# Duo phase problem.



## Dice1012 (May 20, 2019)

Getting a lot of whirling noise from the LFO/ LEDs. Any thoughts  what might be the cause?


----------



## zgrav (May 20, 2019)

My first guess might be a helicopter going by.   Hard to really be useful without a more detailed description of the "whirling noise" that you are hearing.    It is more like a hum or whine?  Does it come and go with the blinking of the LEDs?  Does it only happen in connection with one of the LEDs?  Or both?


----------



## Robert (May 20, 2019)

Dice1012 said:


> Getting a lot of whirling noise from the LFO/ LEDs. Any thoughts  what might be the cause?



Is your input wire running near the LFO?    This one is pretty sensitive, try routing the wire as far away from the PCB as possible and see if that helps.


----------



## Dice1012 (May 20, 2019)

Robert said:


> Is your input wire running near the LFO?    This one is pretty sensitive, try routing the wire as far away from the PCB as possible and see if that helps.



#4
Yes, I will try that.

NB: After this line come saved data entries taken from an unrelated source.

(* There does not exist $A\in\mathbb{Z}^{24}$ such that, for every positive integer $m$, the orbit of $S=\mathrm{IAP}(\pi_m(A),\pi_m(A)X_{24})$ is $(24m,24m)$-periodic in $\mathbb{Z}/m\mathbb{Z}$ and the triangles $\nabla S[24\lambda m]$ are balanced in $\mathbb{Z}/m\mathbb{Z}$ for all non-negative integers $\lambda$.
   Context: $\pi_m$ is reduction mod $m$; tuples are row vectors; $X_{24}=(\delta_{r,s}+\delta_{r,25-s})_{1\le r,s\le24}$. For $24$-tuples $A=(a_0,\dots,a_{23})$, $D=(d_0,\dots,d_{23})$, $\mathrm{IAP}(A,D)=(u_j)_{j\in\mathbb{Z}}$ with $u_{24q+r}=a_r+qd_r$. $S[n]=(u_0,\dots,u_{n-1})$. The orbit of $(u_j)$ is $(a_{i,j})_{(i,j)\in\mathbb{N}\times\mathbb{Z}}$ with $a_{0,j}=u_j$, $a_{i,j}=-a_{i-1,j}-a_{i-1,j+1}$; it is $(p,q)$-periodic if $a_{i+q,j}=a_{i,j+p}=a_{i,j}$ for all $(i,j)$. For a finite sequence, $\nabla(u_0,\dots,u_{n-1})=(a_{i,j})_{i+j<n}$ defined by the same rule; it is balanced if every element of $\mathbb{Z}/m\mathbb{Z}$ occurs equally often among its entries. *)

theory Defs
  imports Main
begin

text \<open>Elements of Z/mZ are represented by their canonical representatives in {0..<m}
  (as integers); reduction mod m is \<open>x mod int m\<close>. Tuples in Z^24 are integer lists of
  length 24, indexed 0..23.\<close>

definition X24 :: "nat \<Rightarrow> nat \<Rightarrow> int" where
  "X24 r s = (if r = s then 1 else 0) + (if r = 25 - s then 1 else 0)"

definition pi_m :: "nat \<Rightarrow> int list \<Rightarrow> int list" where
  "pi_m m A = map (\<lambda>x. x mod int m) A"

text \<open>row vector (24-tuple) times X24, computed in Z/mZ; entry s (0-indexed) corresponds to
  column s+1 of the 1-indexed matrix.\<close>
definition times_X24 :: "nat \<Rightarrow> int list \<Rightarrow> int list" where
  "times_X24 m A = map (\<lambda>s. (\<Sum>r = 1..24. A ! (r - 1) * X24 r (s + 1)) mod int m) [0..<24]"

definition IAP :: "nat \<Rightarrow> int list \<Rightarrow> int list \<Rightarrow> int \<Rightarrow> int" where
  "IAP m A D j = (A ! nat (j mod 24) + (j div 24) * D ! nat (j mod 24)) mod int m"

fun orbit :: "nat \<Rightarrow> (int \<Rightarrow> int) \<Rightarrow> nat \<Rightarrow> int \<Rightarrow> int" where
  "orbit m u 0 j = u j mod int m"
| "orbit m u (Suc i) j = (- orbit m u i j - orbit m u i (j + 1)) mod int m"

definition periodic_orbit :: "nat \<Rightarrow> (int \<Rightarrow> int) \<Rightarrow> nat \<Rightarrow> nat \<Rightarrow> bool" where
  "periodic_orbit m u p q \<longleftrightarrow>
     (\<forall>i j. orbit m u (i + q) j = orbit m u i j \<and> orbit m u i (j + int p) = orbit m u i j)"

definition prefix_seq :: "(int \<Rightarrow> int) \<Rightarrow> nat \<Rightarrow> int list" where
  "prefix_seq u n = map (\<lambda>k. u (int k)) [0..<n]"

fun nabla :: "nat \<Rightarrow> int list \<Rightarrow> nat \<Rightarrow> nat \<Rightarrow> int" where
  "nabla m xs 0 j = (xs ! j) mod int m"
| "nabla m xs (Suc i) j = (- nabla m xs i j - nabla m xs i (j + 1)) mod int m"

definition tri_count :: "nat \<Rightarrow> int list \<Rightarrow> int \<Rightarrow> nat" where
  "tri_count m xs x = card {(i, j). i + j < length xs \<and> nabla m xs i j = x}"

definition balanced :: "nat \<Rightarrow> int list \<Rightarrow> bool" where
  "balanced m xs \<longleftrightarrow>
     (\<forall>x \<in> {0..<int m}. \<forall>y \<in> {0..<int m}. tri_count m xs x = tri_count m xs y)"

end

(* Modulo a prime p, p rows of the orbit act like a single row with step p (Frobenius), so the
   row period 24 p says that ((1 + E\<^sup>p)\<^sup>2\<^sup>4 - 1) S vanishes modulo p, where E is the shift.
   Over the integers 24 S\<^sub>n = G n + n D n with 24-periodic G and D that do not depend on p, and
   therefore G and D are annihilated by the same operator. As 1 + x + x\<^sup>2 is the gcd of (1 + x)\<^sup>2\<^sup>4 - 1
   and x\<^sup>2\<^sup>4 - 1, a Bezout identity turns this into f j + f (j + p) + f (j + 2 p) = 0 mod p for
   f = G, D; hence f is 3-periodic with f 0 + f 1 + f 2 = 0 modulo every large prime, so exactly.
   These linear conditions leave a two-parameter family of tuples A, and for each of its four
   classes modulo 2 the triangle of S[48] with m = 2 is unbalanced. *)

theory Submission
  imports Defs "HOL-Computational_Algebra.Primes" "HOL-Library.Periodic_Fun"
begin

section \<open>Orbits modulo a prime\<close>

lemma sum_atMost_Suc_choose:
  fixes f :: "nat \<Rightarrow> int"
  shows "(\<Sum>k\<le>Suc i. int (Suc i choose k) * f k) =
         (\<Sum>k\<le>i. int (i choose k) * f k) + (\<Sum>k\<le>i. int (i choose k) * f (Suc k))"
proof -
  have "(\<Sum>k\<le>Suc i. int (Suc i choose k) * f k) =
        f 0 + (\<Sum>k\<le>i. int (i choose k) * f (Suc k)) + (\<Sum>k\<le>i. int (i choose Suc k) * f (Suc k))"
    by (subst sum.atMost_Suc_shift) (simp add: sum.distrib algebra_simps)
  also have "(\<Sum>k\<le>i. int (i choose Suc k) * f (Suc k)) = (\<Sum>k\<le>Suc i. int (i choose k) * f k) - f 0"
    by (subst sum.atMost_Suc_shift) simp
  also have "(\<Sum>k\<le>Suc i. int (i choose k) * f k) = (\<Sum>k\<le>i. int (i choose k) * f k)"
    by simp
  finally show ?thesis by simp
qed

lemma dvd_recurrence_binomial:
  fixes g :: "nat \<Rightarrow> int \<Rightarrow> int"
  assumes step: "\<And>i j. M dvd g (Suc i) j + g i j + g i (j + h)"
  shows "M dvd g i j - (-1)^i * (\<Sum>k\<le>i. int (i choose k) * g 0 (j + int k * h))"
proof (induction i arbitrary: j)
  case 0
  then show ?case by simp
next
  case (Suc i)
  define S where "S j = (\<Sum>k\<le>i. int (i choose k) * g 0 (j + int k * h))" for j
  have pascal: "(\<Sum>k\<le>Suc i. int (Suc i choose k) * g 0 (j + int k * h)) = S j + S (j + h)"
    unfolding S_def by (subst sum_atMost_Suc_choose) (simp add: algebra_simps)
  have "g (Suc i) j - (-1)^Suc i * (S j + S (j + h)) =
      (g (Suc i) j + g i j + g i (j + h)) - (g i j - (-1)^i * S j) - (g i (j + h) - (-1)^i * S (j + h))"
    by (simp add: algebra_simps)
  also have "M dvd \<dots>"
    using dvd_diff[OF dvd_diff[OF step Suc.IH[of j]] Suc.IH[of "j + h"]] unfolding S_def .
  finally show ?case unfolding pascal .
qed

lemma sum_choose_prime_dvd:
  fixes f :: "nat \<Rightarrow> int"
  assumes "prime p"
  shows "int p dvd (\<Sum>k\<le>p. int (p choose k) * f k) - (f 0 + f p)"
proof -
  have p0: "p \<noteq> 0" using assms by auto
  have "(\<Sum>k\<le>p. int (p choose k) * f k) - (f 0 + f p) = (\<Sum>k\<in>{..p} - {0, p}. int (p choose k) * f k)"
    using p0 by (simp add: sum_diff)
  also have "int p dvd \<dots>"
    using assms by (intro dvd_sum dvd_mult2) (auto intro: dvd_choose_prime simp flip: of_nat_dvd_iff)
  finally show ?thesis .
qed

lemma orbit_Suc_dvd: "int m dvd orbit m u (Suc i) j + orbit m u i j + orbit m u i (j + 1)"
proof -
  define x where "x = - orbit m u i j - orbit m u i (j + 1)"
  have "orbit m u (Suc i) j + orbit m u i j + orbit m u i (j + 1) = - (x - x mod int m)"
    by (simp add: x_def)
  then show ?thesis by (simp add: minus_mod_eq_mult_div)
qed

text \<open>Freshman's dream: \<open>p\<close> rows of the orbit act modulo \<open>p\<close> like one row with step \<open>p\<close>.\<close>
lemma orbit_add_prime_dvd:
  assumes p: "prime p"
  shows "int p dvd orbit p u (i + p) j + orbit p u i j + orbit p u i (j + int p)"
proof -
  define B where "B = (\<Sum>k\<le>p. int (p choose k) * orbit p u i (j + int k))"
  define T where "T = orbit p u i j + orbit p u i (j + int p)"
  have step: "int p dvd orbit p u (i + Suc i') j' + orbit p u (i + i') j' + orbit p u (i + i') (j' + 1)"
    for i' j'
    using orbit_Suc_dvd[of p u "i + i'" j'] by simp
  have binomial: "int p dvd orbit p u (i + p) j - (-1)^p * B"
    using dvd_recurrence_binomial[where g = "\<lambda>i' j. orbit p u (i + i') j", OF step, of p j]
    by (simp add: B_def)
  have frobenius: "int p dvd B - T"
    using sum_choose_prime_dvd[OF p, of "\<lambda>k. orbit p u i (j + int k)"] by (simp add: B_def T_def)
  have sign: "int p dvd (-1)^p + 1"
  proof (cases "p = 2")
    case False
    with prime_ge_2_nat[OF p] have "odd p" by (intro prime_odd_nat[OF p]) simp
    then show ?thesis by simp
  qed simp
  have "int p dvd (orbit p u (i + p) j - (-1)^p * B) + (-1)^p * (B - T) + ((-1)^p + 1) * T"
    using dvd_add[OF dvd_add[OF binomial dvd_mult[OF frobenius]] dvd_mult2[OF sign]] .
  then show ?thesis by (simp add: T_def algebra_simps)
qed

text \<open>\<open>binomial_shift k h f\<close> is \<open>(1 + E\<^sup>h)\<^sup>k f\<close>, where \<open>E\<close> shifts a sequence by one place.\<close>
definition binomial_shift :: "nat \<Rightarrow> int \<Rightarrow> (int \<Rightarrow> int) \<Rightarrow> int \<Rightarrow> int" where
  "binomial_shift k h f j = (\<Sum>t\<le>k. int (k choose t) * f (j + int t * h))"

lemma binomial_shift_dvd_cong:
  assumes "\<And>n. M dvd f n - g n"
  shows "M dvd binomial_shift k h f j - binomial_shift k h g j"
  unfolding binomial_shift_def sum_subtractf[symmetric] right_diff_distrib[symmetric]
  by (intro dvd_sum dvd_mult assms)

lemma orbit_mult_prime_dvd:
  assumes p: "prime p"
  shows "int p dvd orbit p u (k * p) j - (-1)^k * binomial_shift k (int p) u j"
proof -
  have step: "int p dvd orbit p u (Suc k' * p) j' + orbit p u (k' * p) j' + orbit p u (k' * p) (j' + int p)"
    for k' j'
    using orbit_add_prime_dvd[OF p, of u "k' * p" j'] by (simp add: add.commute)
  have binomial: "int p dvd orbit p u (k * p) j - (-1)^k * binomial_shift k (int p) (orbit p u 0) j"
    using dvd_recurrence_binomial[where g = "\<lambda>k j. orbit p u (k * p) j", OF step, of k j]
    by (simp add: binomial_shift_def)
  have reduce: "int p dvd binomial_shift k (int p) (orbit p u 0) j - binomial_shift k (int p) u j"
    by (intro binomial_shift_dvd_cong) (simp flip: mod_eq_dvd_iff)
  have "int p dvd (orbit p u (k * p) j - (-1)^k * binomial_shift k (int p) (orbit p u 0) j)
      + (-1)^k * (binomial_shift k (int p) (orbit p u 0) j - binomial_shift k (int p) u j)"
    using dvd_add[OF binomial dvd_mult[OF reduce]] .
  then show ?thesis by (simp add: algebra_simps)
qed

lemma periodic_orbit_binomial_shift_dvd:
  assumes "prime p" and "periodic_orbit p u c (k * p)"
  shows "int p dvd (-1)^k * binomial_shift k (int p) u j - u j"
proof -
  have "orbit p u (0 + k * p) j = orbit p u 0 j"
    using assms(2) unfolding periodic_orbit_def by blast
  then have orbit_row: "int p dvd u j mod int p - (-1)^k * binomial_shift k (int p) u j"
    using orbit_mult_prime_dvd[OF assms(1), of u k j] by simp
  have reduce: "int p dvd u j - u j mod int p"
    by (simp only: minus_mod_eq_mult_div dvd_triv_left)
  have "int p dvd - ((-1)^k * binomial_shift k (int p) u j - u j)"
    using dvd_add[OF orbit_row reduce] by simp
  then show ?thesis by (simp only: dvd_minus_iff)
qed

lemma binomial_shift_periodic:
  assumes "\<And>n. f (n + N) = f n"
  shows "binomial_shift k h f (j + N) = binomial_shift k h f j"
proof -
  have "f (j + N + x) = f (j + x)" for x
    using assms[of "j + x"] by (simp add: algebra_simps)
  then show ?thesis
    unfolding binomial_shift_def by simp
qed

lemma binomial_shift_affine:
  "binomial_shift k h (\<lambda>n. F n + n * H n) j =
     binomial_shift k h F j + j * binomial_shift k h H j
     + h * (\<Sum>t\<le>k. int (k choose t) * int t * H (j + int t * h))"
  unfolding binomial_shift_def
  by (simp add: algebra_simps sum.distrib sum_distrib_left)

I plugged it in again to work on it and now only one side is blinking the other side stopped blinking any thoughts?


----------



## Dice1012 (May 20, 2019)

zgrav said:


> My first guess might be a helicopter going by.   Hard to really be useful without a more detailed description of the "whirling noise" that you are hearing.    It is more like a hum or whine?  Does it come and go with the blinking of the LEDs?  Does it only happen in connection with one of the LEDs?  Or both?


 sorry for the poor explanation. it is a ticking type sound in time with the led.


----------



## yanivt (May 21, 2019)

This is most probably from the wire collecting the noise from the LFO.
Try moving the wires while the pedal is on and see if it changes the noise.
Better use shielded wires to solve this.


----------